The site home page is laughingbuddhadesign.com

Blue

Busy's picture

He has: 6,151 posts

Joined: May 2001

add #bgcolour {bordercolor:#783820;}' between your style tags and in your table tag add id="bgcolour"'

your map tags are between the and , take the tag from below the map tags and place after the before the map tags

and then it will validate

They have: 112 posts

Joined: Aug 2001

Thanks Busy, you were spot on with both and now it will validate, although I haven't changed the bordercolor tag because it displays differently to the original. I may have to live with it and if that's the case I may even drop the border because the validated display looks a bit funky. You can see the difference at these two links.

Original - http://www.laughingbuddhadesign.com
Validated code - http://www.laughingbuddhadesign.com/copy_of_index.html

If anyone has any suggestions about why it displays differently please let me know. Otherwise the wee border may have to go .....

Cheers,

Blue

Busy's picture

He has: 6,151 posts

Joined: May 2001

What browser are you using, looks the same to me on FF
Mind you the colour isnt a RGB one so can look different on different screens, try choose a colour closer to the RGB ones.
Try something like #7B3921 (is a 256 colour)

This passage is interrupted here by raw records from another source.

text \<open>Once \<open>\<bar>a l\<bar> < 1/2\<close>, the penalty bound caps \<open>(b l)\<^sup>2\<close> by \<open>4 K / (3 \<delta>)\<close>.\<close>
lemma penalized_product_tendsto_zero:
  fixes a b :: "nat \<Rightarrow> real"
  assumes "a \<longlonglongrightarrow> 0" "\<And>l. \<delta> * ((1 - (a l)\<^sup>2) * (b l)\<^sup>2) \<le> K" "\<delta> > 0"
  shows "(\<lambda>l. a l * b l) \<longlonglongrightarrow> 0"
proof (rule Lim_null_comparison)
  define C where "C = sqrt (4 * K / (3 * \<delta>))"
  have "\<forall>\<^sub>F l in sequentially. \<bar>a l\<bar> < 1/2"
    using tendstoD[OF assms(1), of "1/2"] by (simp add: dist_real_def)
  then show "\<forall>\<^sub>F l in sequentially. norm (a l * b l) \<le> \<bar>a l\<bar> * C"
  proof (rule eventually_mono)
    fix l assume "\<bar>a l\<bar> < 1/2"
    then have "\<bar>a l\<bar>\<^sup>2 \<le> (1/2)\<^sup>2" by (intro power_mono) auto
    then have "(a l)\<^sup>2 \<le> 1/4" by (simp add: power2_eq_square)
    then have "\<delta> * (3/4 * (b l)\<^sup>2) \<le> \<delta> * ((1 - (a l)\<^sup>2) * (b l)\<^sup>2)"
      using assms(3) by (intro mult_left_mono mult_right_mono) auto
    then have "\<delta> * (3/4 * (b l)\<^sup>2) \<le> K" using assms(2)[of l] by linarith
    then have "(b l)\<^sup>2 \<le> 4 * K / (3 * \<delta>)" using assms(3) by (simp add: field_simps)
    then have "\<bar>b l\<bar> \<le> C" unfolding C_def by (metis real_le_rsqrt power2_abs)
    then show "norm (a l * b l) \<le> \<bar>a l\<bar> * C" by (simp add: abs_mult mult_left_mono)
  qed
  show "(\<lambda>l. \<bar>a l\<bar> * C) \<longlonglongrightarrow> 0"
    by (intro tendsto_mult_left_zero tendsto_rabs_zero assms(1))
qed

text \<open>The difference is \<open>(b l)\<^sup>2 g l\<close> with \<open>g l \<longrightarrow> 0\<close>, and \<open>(b l)\<^sup>2\<close> stays bounded because
  \<open>1 - (a l)\<^sup>2 \<longrightarrow> 1 - \<tau>\<^sup>2 > 0\<close>.\<close>
lemma rescaled_penalty_difference_tendsto_zero:
  fixes a b :: "nat \<Rightarrow> real"
  assumes "a \<longlonglongrightarrow> \<tau>" "\<tau> \<noteq> 0" "\<bar>\<tau>\<bar> < 1"
    and "\<And>l. \<delta> * ((1 - (a l)\<^sup>2) * (b l)\<^sup>2) \<le> K" "\<delta> > 0"
  shows "(\<lambda>l. (1 - \<tau>\<^sup>2) * (a l * b l / \<tau>)\<^sup>2 - (1 - (a l)\<^sup>2) * (b l)\<^sup>2) \<longlonglongrightarrow> 0"
proof (rule Lim_null_comparison)
  define D where "D = 1 - \<tau>\<^sup>2"
  have D: "D > 0" unfolding D_def using assms(3) by (simp add: abs_square_less_1)
  define C where "C = 2 * K / (\<delta> * D)"
  define g where "g l = D * (a l)\<^sup>2 / \<tau>\<^sup>2 - (1 - (a l)\<^sup>2)" for l
  have "(\<lambda>l. 1 - (a l)\<^sup>2) \<longlonglongrightarrow> D" unfolding D_def by (intro tendsto_intros assms(1))
  then have "\<forall>\<^sub>F l in sequentially. 1 - (a l)\<^sup>2 > D/2" using D by (intro order_tendstoD(1)) auto
  then show "\<forall>\<^sub>F l in sequentially.
      norm ((1 - \<tau>\<^sup>2) * (a l * b l / \<tau>)\<^sup>2 - (1 - (a l)\<^sup>2) * (b l)\<^sup>2) \<le> C * \<bar>g l\<bar>"
  proof (rule eventually_mono)
    fix l assume "1 - (a l)\<^sup>2 > D/2"
    then have "\<delta> * (D/2 * (b l)\<^sup>2) \<le> \<delta> * ((1 - (a l)\<^sup>2) * (b l)\<^sup>2)"
      using assms(5) by (intro mult_left_mono mult_right_mono) auto
    then have "(b l)\<^sup>2 \<le> C"
      unfolding C_def using assms(4)[of l] assms(5) D by (simp add: field_simps)
    moreover have "(1 - \<tau>\<^sup>2) * (a l * b l / \<tau>)\<^sup>2 - (1 - (a l)\<^sup>2) * (b l)\<^sup>2 = (b l)\<^sup>2 * g l"
      unfolding g_def D_def by (simp add: power_mult_distrib power_divide algebra_simps)
    ultimately show "norm ((1 - \<tau>\<^sup>2) * (a l * b l / \<tau>)\<^sup>2 - (1 - (a l)\<^sup>2) * (b l)\<^sup>2) \<le> C * \<bar>g l\<bar>"
      by (simp add: abs_mult mult_right_mono)
  qed
  have "g \<longlonglongrightarrow> D * \<tau>\<^sup>2 / \<tau>\<^sup>2 - (1 - \<tau>\<^sup>2)"
    unfolding g_def by (intro tendsto_intros assms(1)) (use assms(2) in auto)
  then have "g \<longlonglongrightarrow> 0" using assms(2) by (simp add: D_def)
  then show "(\<lambda>l. C * \<bar>g l\<bar>) \<longlonglongrightarrow> 0"
    by (intro tendsto_mult_right_zero tendsto_rabs_zero)
qed

text \<open>Take \<open>c = a b / \<tau>\<close> if \<open>\<tau> \<noteq> 0\<close>; if \<open>\<tau> = 0\<close>, the whole product \<open>a b\<close> becomes the
  remainder \<open>e\<close>, which vanishes by the penalty bound.\<close>
lemma coordinate_transport:
  fixes a b :: "nat \<Rightarrow> real"
  assumes "a \<longlonglongrightarrow> \<tau>" "\<bar>\<tau>\<bar> \<le> 1" "\<And>l. \<bar>a l\<bar> \<le> 1"
    and "\<And>l. \<delta> * ((1 - (a l)\<^sup>2) * (b l)\<^sup>2) \<le> K" "\<delta> > 0"
  obtains c e q where "\<And>l. a l * b l = \<tau> * c l + e l" "e \<longlonglongrightarrow> 0"
    "\<And>l. (1 - \<tau>\<^sup>2) * (c l)\<^sup>2 \<le> (1 - (a l)\<^sup>2) * (b l)\<^sup>2 + q l" "q \<longlonglongrightarrow> 0"
proof -
  have penalty_nonneg: "0 \<le> (1 - (a l)\<^sup>2) * (b l)\<^sup>2" for l
    using assms(3) by (simp add: abs_square_le_1)
  consider "\<tau> = 0" | "\<bar>\<tau>\<bar> = 1" | "\<tau> \<noteq> 0" "\<bar>\<tau>\<bar> < 1"
    using assms(2) by linarith
  then show thesis
  proof cases
    case 1
    show thesis
      by (rule that[of "\<lambda>_. 0" "\<lambda>l. a l * b l" "\<lambda>_. 0"])
        (use 1 assms(1) penalty_nonneg penalized_product_tendsto_zero[OF _ assms(4,5)] in auto)
  next
    case 2
    then have "\<tau> \<noteq> 0" "\<tau>\<^sup>2 = 1" using power2_abs[of \<tau>] by auto
    then show thesis
      by (intro that[of "\<lambda>l. a l * b l / \<tau>" "\<lambda>_. 0" "\<lambda>_. 0"]) (auto simp: penalty_nonneg)
  next
    case 3
    show thesis
      by (rule that[of "\<lambda>l. a l * b l / \<tau>" "\<lambda>_. 0"
            "\<lambda>l. (1 - \<tau>\<^sup>2) * (a l * b l / \<tau>)\<^sup>2 - (1 - (a l)\<^sup>2) * (b l)\<^sup>2"])
        (use 3 rescaled_penalty_difference_tendsto_zero[OF assms(1) _ _ assms(4,5)] in auto)
  qed
qed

remember the 0's are numbers not letters in colour codes

He has: 113 posts

Joined: Jul 2005

bordercolor isnota w3c valid property for anyelement. Its an IE only thing. they way around it is to use:

style="border-color: #ececec;"'

on the element you wish to change the border colour. A better method to inline css would be to define a special class for the elements with border colours tho.

They have: 112 posts

Joined: Aug 2001

Well here's what happened ...... I did all of the above and I realised the reason it looked different to me was that IE was not recognising the style tag for that table so it simply displayed the table border as white. No matter how I tried it wouldn't work so I created a new style for that tag in the css file and it works perfectly. Now it validates! Thanks.

Busy's picture

He has: 6,151 posts

Joined: May 2001

Just remember in CSS the id can only be used once per page, the class can be used over and over - a common oversight

Megan's picture

She has: 11,421 posts

Joined: Jun 1999

Another correction to busy's code - bgcolour is not a semantic name for a class, it's purely aesthetic. With CSS you are attempting to separate form from function as much as possible. The CSS class names should match the function in the HTML, while the actual CSS describes the form. You should name your classes for what they are doing, not what they are making something look like. So in this case you could call it "splashcontainer" or "splashframe". This way you'll also be able to add more CSS to that element.

Busy's picture

He has: 6,151 posts

Joined: May 2001

The big problem with using semantic names is they are throw away names - not useable elsewhere.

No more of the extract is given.